• _What you need to do_:
The data is to be set down once more, exactly as it reads.

Collected data entries:
+++++

text \<open>A nonzero isotropic \<open>u\<close> is completed to a hyperbolic plane: first the anisotropic
  \<open>y = u + c w\<^sub>0\<close> is added, then \<open>u - t f' n\<close>, which is anisotropic because \<open>u\<close> is isotropic.\<close>
lemma dual_system_extend_isotropic:
  assumes dual: "dual_system n f v"
    and u: "square_summable u" "u \<noteq> (\<lambda>i. 0)" "\<forall>a<n. bform u (f a) = 0" "bform u u = 0"
  shows "\<exists>f' v'. dual_system (Suc (Suc n)) f' v' \<and> (\<forall>a<n. f' a = f a) \<and> in_span (Suc (Suc n)) f' u"
proof -
  obtain w0 where w0: "finitely_supported w0" "\<forall>a<n. bform w0 (f a) = 0" "bform w0 u \<noteq> 0"
    using exists_finitely_supported_perp_nonorthogonal[OF dual u(1-3)] by blast
  have sq_w0: "square_summable w0"
    using w0(1) by (rule finitely_supported_imp_square_summable)
  have sq_f: "square_summable (f a)" if "a < n" for a
    using orthonormal_square_summable[OF dual_system_orthonormal[OF dual] that] .
  obtain c :: complex where c: "c \<noteq> 0" "2 * bform w0 u + c * bform w0 w0 \<noteq> 0"
  proof (cases "2 * bform w0 u + bform w0 w0 = 0")
    case True
    then have "bform w0 w0 = - (2 * bform w0 u)"
      by (simp add: add.commute eq_neg_iff_add_eq_0)
    then show ?thesis
      using w0(3) by (intro that[of 2]) (simp_all add: algebra_simps)
  next
    case False
    then show ?thesis
      by (intro that[of 1]) simp_all
  qed
  define y where "y = (\<lambda>i. u i + c * w0 i)"
  have sq_y: "square_summable y"
    unfolding y_def using u(1) sq_w0 by (intro square_summable_add square_summable_scale)
  have "bform y y = c * (2 * bform w0 u + c * bform w0 w0)"
    unfolding y_def using bform_self_add_scaled[OF u(1) sq_w0, of c] u(4)
    by (simp add: bform_commute[of u w0] algebra_simps)
  then have "bform y y \<noteq> 0"
    using c by simp
  moreover have "\<forall>a<n. bform y (f a) = 0"
    unfolding y_def using u(1,3) sq_w0 w0(2) sq_f by (simp add: bform_add_scaled_left)
  ultimately obtain f1 v1 s1 where
    f1: "dual_system (Suc n) f1 v1" "\<forall>a<n. f1 a = f a" "y = (\<lambda>i. s1 * f1 n i)"
    using dual_system_extend_anisotropic[OF dual sq_y] by blast
  have sq_f1: "square_summable (f1 a)" if "a < Suc n" for a
    using orthonormal_square_summable[OF dual_system_orthonormal[OF f1(1)] that] .
  have sq_f1n: "square_summable (f1 n)"
    using sq_f1 by simp
  have f1n: "bform (f1 n) (f1 n) = 1"
    using orthonormal_bform[OF dual_system_orthonormal[OF f1(1)], of n n] by simp
  define t where "t = bform u (f1 n)"
  have "s1 * t = bform u y"
    unfolding t_def f1(3) using bform_scale_right[OF sq_f1n u(1), of s1] by simp
  also have "\<dots> = bform y u"
    by (rule bform_commute)
  also have "\<dots> = c * bform w0 u"
    unfolding y_def using bform_add_scaled_left[OF u(1) sq_w0 u(1), of c] u(4) by simp
  finally have "t \<noteq> 0"
    using c(1) w0(3) by auto
  define u' where "u' = (\<lambda>i. u i + (- t) * f1 n i)"
  have sq_u': "square_summable u'"
    unfolding u'_def using u(1) sq_f1n by (intro square_summable_add square_summable_scale) simp
  have "bform u' u' = - (t * t)"
    unfolding u'_def using bform_self_add_scaled[OF u(1) sq_f1n, of "- t"] u(4) f1n
    by (simp add: t_def algebra_simps)
  then have "bform u' u' \<noteq> 0"
    using \<open>t \<noteq> 0\<close> by simp
  moreover have "\<forall>a<Suc n. bform u' (f1 a) = 0"
  proof (intro allI impI)
    fix a
    assume a: "a < Suc n"
    have "bform u' (f1 a) = bform u (f1 a) - t * bform (f1 n) (f1 a)"
      unfolding u'_def using bform_add_scaled_left[OF u(1) sq_f1n sq_f1[OF a], of "- t"] by simp
    then show "bform u' (f1 a) = 0"
      using a u(3) f1(2) f1n orthonormal_bform[OF dual_system_orthonormal[OF f1(1)], of n a]
      by (cases "a = n") (auto simp: t_def)
  qed
  ultimately obtain f2 v2 s2 where
    f2: "dual_system (Suc (Suc n)) f2 v2" "\<forall>a<Suc n. f2 a = f1 a" "u' = (\<lambda>i. s2 * f2 (Suc n) i)"
    using dual_system_extend_anisotropic[OF f1(1) sq_u'] by blast
  have "u = (\<lambda>i. t * f2 n i + s2 * f2 (Suc n) i)"
  proof
    fix i
    have "u i = u' i + t * f1 n i"
      by (simp add: u'_def)
    also have "\<dots> = s2 * f2 (Suc n) i + t * f2 n i"
      using f2(2,3) by simp
    finally show "u i = t * f2 n i + s2 * f2 (Suc n) i"
      by (simp add: add.commute)
  qed
  then have "in_span (Suc (Suc n)) f2 u"
    by (simp only:) (intro in_span_add in_span_scale in_span_family; simp)
  then show ?thesis
    using f1(2) f2(1,2) by (intro exI[of _ f2] exI[of _ v2]) auto
qed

+++++

• _Written answer_:
text \<open>A nonzero isotropic \<open>u\<close> is completed to a hyperbolic plane: first the anisotropic
  \<open>y = u + c w\<^sub>0\<close> is added, then \<open>u - t f' n\<close>, which is anisotropic because \<open>u\<close> is isotropic.\<close>
lemma dual_system_extend_isotropic:
  assumes dual: "dual_system n f v"
    and u: "square_summable u" "u \<noteq> (\<lambda>i. 0)" "\<forall>a<n. bform u (f a) = 0" "bform u u = 0"
  shows "\<exists>f' v'. dual_system (Suc (Suc n)) f' v' \<and> (\<forall>a<n. f' a = f a) \<and> in_span (Suc (Suc n)) f' u"
proof -
  obtain w0 where w0: "finitely_supported w0" "\<forall>a<n. bform w0 (f a) = 0" "bform w0 u \<noteq> 0"
    using exists_finitely_supported_perp_nonorthogonal[OF dual u(1-3)] by blast
  have sq_w0: "square_summable w0"
    using w0(1) by (rule finitely_supported_imp_square_summable)
  have sq_f: "square_summable (f a)" if "a < n" for a
    using orthonormal_square_summable[OF dual_system_orthonormal[OF dual] that] .
  obtain c :: complex where c: "c \<noteq> 0" "2 * bform w0 u + c * bform w0 w0 \<noteq> 0"
  proof (cases "2 * bform w0 u + bform w0 w0 = 0")
    case True
    then have "bform w0 w0 = - (2 * bform w0 u)"
      by (simp add: add.commute eq_neg_iff_add_eq_0)
    then show ?thesis
      using w0(3) by (intro that[of 2]) (simp_all add: algebra_simps)
  next
    case False
    then show ?thesis
      by (intro that[of 1]) simp_all
  qed
  define y where "y = (\<lambda>i. u i + c * w0 i)"
  have sq_y: "square_summable y"
    unfolding y_def using u(1) sq_w0 by (intro square_summable_add square_summable_scale)
  have "bform y y = c * (2 * bform w0 u + c * bform w0 w0)"
    unfolding y_def using bform_self_add_scaled[OF u(1) sq_w0, of c] u(4)
    by (simp add: bform_commute[of u w0] algebra_simps)
  then have "bform y y \<noteq> 0"
    using c by simp
  moreover have "\<forall>a<n. bform y (f a) = 0"
    unfolding y_def using u(1,3) sq_w0 w0(2) sq_f by (simp add: bform_add_scaled_left)
  ultimately obtain f1 v1 s1 where
    f1: "dual_system (Suc n) f1 v1" "\<forall>a<n. f1 a = f a" "y = (\<lambda>i. s1 * f1 n i)"
    using dual_system_extend_anisotropic[OF dual sq_y] by blast
  have sq_f1: "square_summable (f1 a)" if "a < Suc n" for a
    using orthonormal_square_summable[OF dual_system_orthonormal[OF f1(1)] that] .
  have sq_f1n: "square_summable (f1 n)"
    using sq_f1 by simp
  have f1n: "bform (f1 n) (f1 n) = 1"
    using orthonormal_bform[OF dual_system_orthonormal[OF f1(1)], of n n] by simp
  define t where "t = bform u (f1 n)"
  have "s1 * t = bform u y"
    unfolding t_def f1(3) using bform_scale_right[OF sq_f1n u(1), of s1] by simp
  also have "\<dots> = bform y u"
    by (rule bform_commute)
  also have "\<dots> = c * bform w0 u"
    unfolding y_def using bform_add_scaled_left[OF u(1) sq_w0 u(1), of c] u(4) by simp
  finally have "t \<noteq> 0"
    using c(1) w0(3) by auto
  define u' where "u' = (\<lambda>i. u i + (- t) * f1 n i)"
  have sq_u': "square_summable u'"
    unfolding u'_def using u(1) sq_f1n by (intro square_summable_add square_summable_scale) simp
  have "bform u' u' = - (t * t)"
    unfolding u'_def using bform_self_add_scaled[OF u(1) sq_f1n, of "- t"] u(4) f1n
    by (simp add: t_def algebra_simps)
  then have "bform u' u' \<noteq> 0"
    using \<open>t \<noteq> 0\<close> by simp
  moreover have "\<forall>a<Suc n. bform u' (f1 a) = 0"
  proof (intro allI impI)
    fix a
    assume a: "a < Suc n"
    have "bform u' (f1 a) = bform u (f1 a) - t * bform (f1 n) (f1 a)"
      unfolding u'_def using bform_add_scaled_left[OF u(1) sq_f1n sq_f1[OF a], of "- t"] by simp
    then show "bform u' (f1 a) = 0"
      using a u(3) f1(2) f1n orthonormal_bform[OF dual_system_orthonormal[OF f1(1)], of n a]
      by (cases "a = n") (auto simp: t_def)
  qed
  ultimately obtain f2 v2 s2 where
    f2: "dual_system (Suc (Suc n)) f2 v2" "\<forall>a<Suc n. f2 a = f1 a" "u' = (\<lambda>i. s2 * f2 (Suc n) i)"
    using dual_system_extend_anisotropic[OF f1(1) sq_u'] by blast
  have "u = (\<lambda>i. t * f2 n i + s2 * f2 (Suc n) i)"
  proof
    fix i
    have "u i = u' i + t * f1 n i"
      by (simp add: u'_def)
    also have "\<dots> = s2 * f2 (Suc n) i + t * f2 n i"
      using f2(2,3) by simp
    finally show "u i = t * f2 n i + s2 * f2 (Suc n) i"
      by (simp add: add.commute)
  qed
  then have "in_span (Suc (Suc n)) f2 u"
    by (simp only:) (intro in_span_add in_span_scale in_span_family; simp)
  then show ?thesis
    using f1(2) f2(1,2) by (intro exI[of _ f2] exI[of _ v2]) auto
qed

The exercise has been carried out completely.